● Task details: Find every line in the entries that holds the string "close" and report it.

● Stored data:
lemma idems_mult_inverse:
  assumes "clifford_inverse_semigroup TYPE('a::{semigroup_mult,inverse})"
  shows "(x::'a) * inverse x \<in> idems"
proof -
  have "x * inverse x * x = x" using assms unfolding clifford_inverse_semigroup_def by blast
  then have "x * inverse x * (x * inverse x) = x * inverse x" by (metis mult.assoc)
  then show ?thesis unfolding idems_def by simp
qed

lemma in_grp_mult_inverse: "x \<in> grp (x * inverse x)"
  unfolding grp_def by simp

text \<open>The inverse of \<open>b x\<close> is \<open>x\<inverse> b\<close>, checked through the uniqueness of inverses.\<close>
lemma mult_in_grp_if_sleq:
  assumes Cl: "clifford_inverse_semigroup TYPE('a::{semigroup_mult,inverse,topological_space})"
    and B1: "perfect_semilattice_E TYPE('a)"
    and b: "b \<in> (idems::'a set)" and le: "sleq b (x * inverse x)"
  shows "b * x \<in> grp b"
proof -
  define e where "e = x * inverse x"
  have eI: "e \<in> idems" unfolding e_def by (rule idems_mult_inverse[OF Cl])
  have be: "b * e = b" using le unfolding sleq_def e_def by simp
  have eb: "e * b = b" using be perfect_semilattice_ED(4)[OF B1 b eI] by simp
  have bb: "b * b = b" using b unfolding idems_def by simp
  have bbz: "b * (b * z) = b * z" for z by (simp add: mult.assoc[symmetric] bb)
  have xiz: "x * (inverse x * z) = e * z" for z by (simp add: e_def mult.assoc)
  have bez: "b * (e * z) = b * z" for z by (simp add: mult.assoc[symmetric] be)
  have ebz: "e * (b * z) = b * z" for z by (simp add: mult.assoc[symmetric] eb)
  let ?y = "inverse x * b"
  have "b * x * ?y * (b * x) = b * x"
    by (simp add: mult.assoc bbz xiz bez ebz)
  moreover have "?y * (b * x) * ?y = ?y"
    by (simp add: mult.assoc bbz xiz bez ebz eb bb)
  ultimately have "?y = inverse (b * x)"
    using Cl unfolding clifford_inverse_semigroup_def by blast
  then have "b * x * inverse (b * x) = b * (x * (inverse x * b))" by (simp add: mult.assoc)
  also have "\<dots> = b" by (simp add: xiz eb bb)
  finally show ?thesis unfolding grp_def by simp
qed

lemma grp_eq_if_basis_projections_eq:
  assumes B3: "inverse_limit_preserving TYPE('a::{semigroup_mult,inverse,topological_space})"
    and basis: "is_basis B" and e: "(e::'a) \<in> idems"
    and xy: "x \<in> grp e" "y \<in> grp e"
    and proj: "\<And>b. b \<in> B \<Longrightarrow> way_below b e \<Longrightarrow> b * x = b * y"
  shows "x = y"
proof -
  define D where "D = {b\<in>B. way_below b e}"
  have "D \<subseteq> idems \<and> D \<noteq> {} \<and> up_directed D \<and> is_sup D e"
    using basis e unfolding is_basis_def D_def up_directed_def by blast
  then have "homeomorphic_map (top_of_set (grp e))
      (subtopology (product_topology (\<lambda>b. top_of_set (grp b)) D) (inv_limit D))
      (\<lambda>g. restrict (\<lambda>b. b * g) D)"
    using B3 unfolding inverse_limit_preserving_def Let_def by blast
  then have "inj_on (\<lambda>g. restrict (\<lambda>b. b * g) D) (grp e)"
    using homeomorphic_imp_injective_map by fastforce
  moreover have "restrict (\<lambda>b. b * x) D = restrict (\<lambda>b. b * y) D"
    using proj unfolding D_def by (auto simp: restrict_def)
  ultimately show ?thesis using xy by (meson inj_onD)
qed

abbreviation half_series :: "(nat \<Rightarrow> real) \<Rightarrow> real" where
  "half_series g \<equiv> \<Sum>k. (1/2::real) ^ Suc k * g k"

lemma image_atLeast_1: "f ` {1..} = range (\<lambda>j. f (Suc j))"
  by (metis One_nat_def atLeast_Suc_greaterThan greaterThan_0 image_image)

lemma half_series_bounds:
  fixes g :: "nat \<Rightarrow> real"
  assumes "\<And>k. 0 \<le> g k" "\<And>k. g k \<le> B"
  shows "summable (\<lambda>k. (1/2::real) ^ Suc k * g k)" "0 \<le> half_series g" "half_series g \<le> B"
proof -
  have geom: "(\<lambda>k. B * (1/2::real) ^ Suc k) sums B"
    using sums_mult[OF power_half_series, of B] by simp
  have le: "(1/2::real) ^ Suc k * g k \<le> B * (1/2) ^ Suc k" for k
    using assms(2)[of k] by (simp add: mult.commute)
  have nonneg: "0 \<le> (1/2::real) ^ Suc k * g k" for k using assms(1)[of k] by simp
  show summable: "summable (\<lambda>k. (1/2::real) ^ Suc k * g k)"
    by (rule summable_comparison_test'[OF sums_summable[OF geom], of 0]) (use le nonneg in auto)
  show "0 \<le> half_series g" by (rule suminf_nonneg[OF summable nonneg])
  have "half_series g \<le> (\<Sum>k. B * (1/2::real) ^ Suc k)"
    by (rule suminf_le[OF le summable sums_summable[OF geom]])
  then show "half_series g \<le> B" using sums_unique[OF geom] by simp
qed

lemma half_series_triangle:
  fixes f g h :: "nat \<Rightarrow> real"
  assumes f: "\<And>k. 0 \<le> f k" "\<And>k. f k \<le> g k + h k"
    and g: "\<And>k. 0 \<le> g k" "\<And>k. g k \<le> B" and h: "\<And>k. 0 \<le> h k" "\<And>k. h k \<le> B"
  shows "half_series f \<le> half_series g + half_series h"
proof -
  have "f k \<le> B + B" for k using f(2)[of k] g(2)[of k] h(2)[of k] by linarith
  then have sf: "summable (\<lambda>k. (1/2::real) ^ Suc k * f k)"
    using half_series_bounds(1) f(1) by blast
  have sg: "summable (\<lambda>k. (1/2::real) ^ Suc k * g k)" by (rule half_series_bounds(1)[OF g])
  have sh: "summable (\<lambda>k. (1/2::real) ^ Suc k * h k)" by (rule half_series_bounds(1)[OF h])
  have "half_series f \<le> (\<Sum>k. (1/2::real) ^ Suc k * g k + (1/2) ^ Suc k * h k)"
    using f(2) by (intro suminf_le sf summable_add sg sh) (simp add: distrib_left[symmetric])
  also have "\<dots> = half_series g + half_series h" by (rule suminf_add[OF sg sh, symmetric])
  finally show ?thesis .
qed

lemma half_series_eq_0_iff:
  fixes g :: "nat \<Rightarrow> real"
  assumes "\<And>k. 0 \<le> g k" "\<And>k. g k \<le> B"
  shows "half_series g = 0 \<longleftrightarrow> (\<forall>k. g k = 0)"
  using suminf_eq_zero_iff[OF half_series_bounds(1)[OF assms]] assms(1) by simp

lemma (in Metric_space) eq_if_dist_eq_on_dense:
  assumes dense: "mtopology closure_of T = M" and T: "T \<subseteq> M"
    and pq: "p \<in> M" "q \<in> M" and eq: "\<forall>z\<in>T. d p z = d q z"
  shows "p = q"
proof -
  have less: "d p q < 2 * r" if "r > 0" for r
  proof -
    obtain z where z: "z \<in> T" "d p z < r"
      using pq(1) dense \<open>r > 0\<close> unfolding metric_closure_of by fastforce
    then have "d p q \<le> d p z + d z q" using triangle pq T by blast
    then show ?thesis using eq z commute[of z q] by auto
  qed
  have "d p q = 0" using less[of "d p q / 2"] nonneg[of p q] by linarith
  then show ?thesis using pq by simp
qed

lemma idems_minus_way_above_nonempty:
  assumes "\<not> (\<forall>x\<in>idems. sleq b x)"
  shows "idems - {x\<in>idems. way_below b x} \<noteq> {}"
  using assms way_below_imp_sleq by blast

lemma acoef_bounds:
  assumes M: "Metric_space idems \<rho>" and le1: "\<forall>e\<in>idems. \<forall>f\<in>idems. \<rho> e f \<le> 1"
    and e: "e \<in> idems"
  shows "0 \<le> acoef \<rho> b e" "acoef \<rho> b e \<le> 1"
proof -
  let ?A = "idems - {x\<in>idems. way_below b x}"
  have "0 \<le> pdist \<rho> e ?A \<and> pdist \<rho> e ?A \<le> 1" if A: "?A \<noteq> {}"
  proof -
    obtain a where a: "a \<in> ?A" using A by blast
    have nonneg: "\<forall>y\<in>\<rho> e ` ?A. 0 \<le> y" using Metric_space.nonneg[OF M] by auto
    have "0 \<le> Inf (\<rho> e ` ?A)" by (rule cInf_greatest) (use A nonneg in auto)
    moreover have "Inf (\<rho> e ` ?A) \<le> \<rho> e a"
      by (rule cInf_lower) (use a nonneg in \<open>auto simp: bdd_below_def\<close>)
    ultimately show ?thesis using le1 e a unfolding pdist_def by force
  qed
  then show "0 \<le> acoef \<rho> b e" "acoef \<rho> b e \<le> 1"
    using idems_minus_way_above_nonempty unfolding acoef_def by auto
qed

● Answer section:
text \<open>The inverse of \<open>b x\<close> is \<open>x\<inverse> b\<close>, checked through the uniqueness of inverses.\<close>
      using pq(1) dense \<open>r > 0\<close> unfolding metric_closure_of by fastforce
      by (rule cInf_lower) (use a nonneg in \<open>auto simp: bdd_below_def\<close>)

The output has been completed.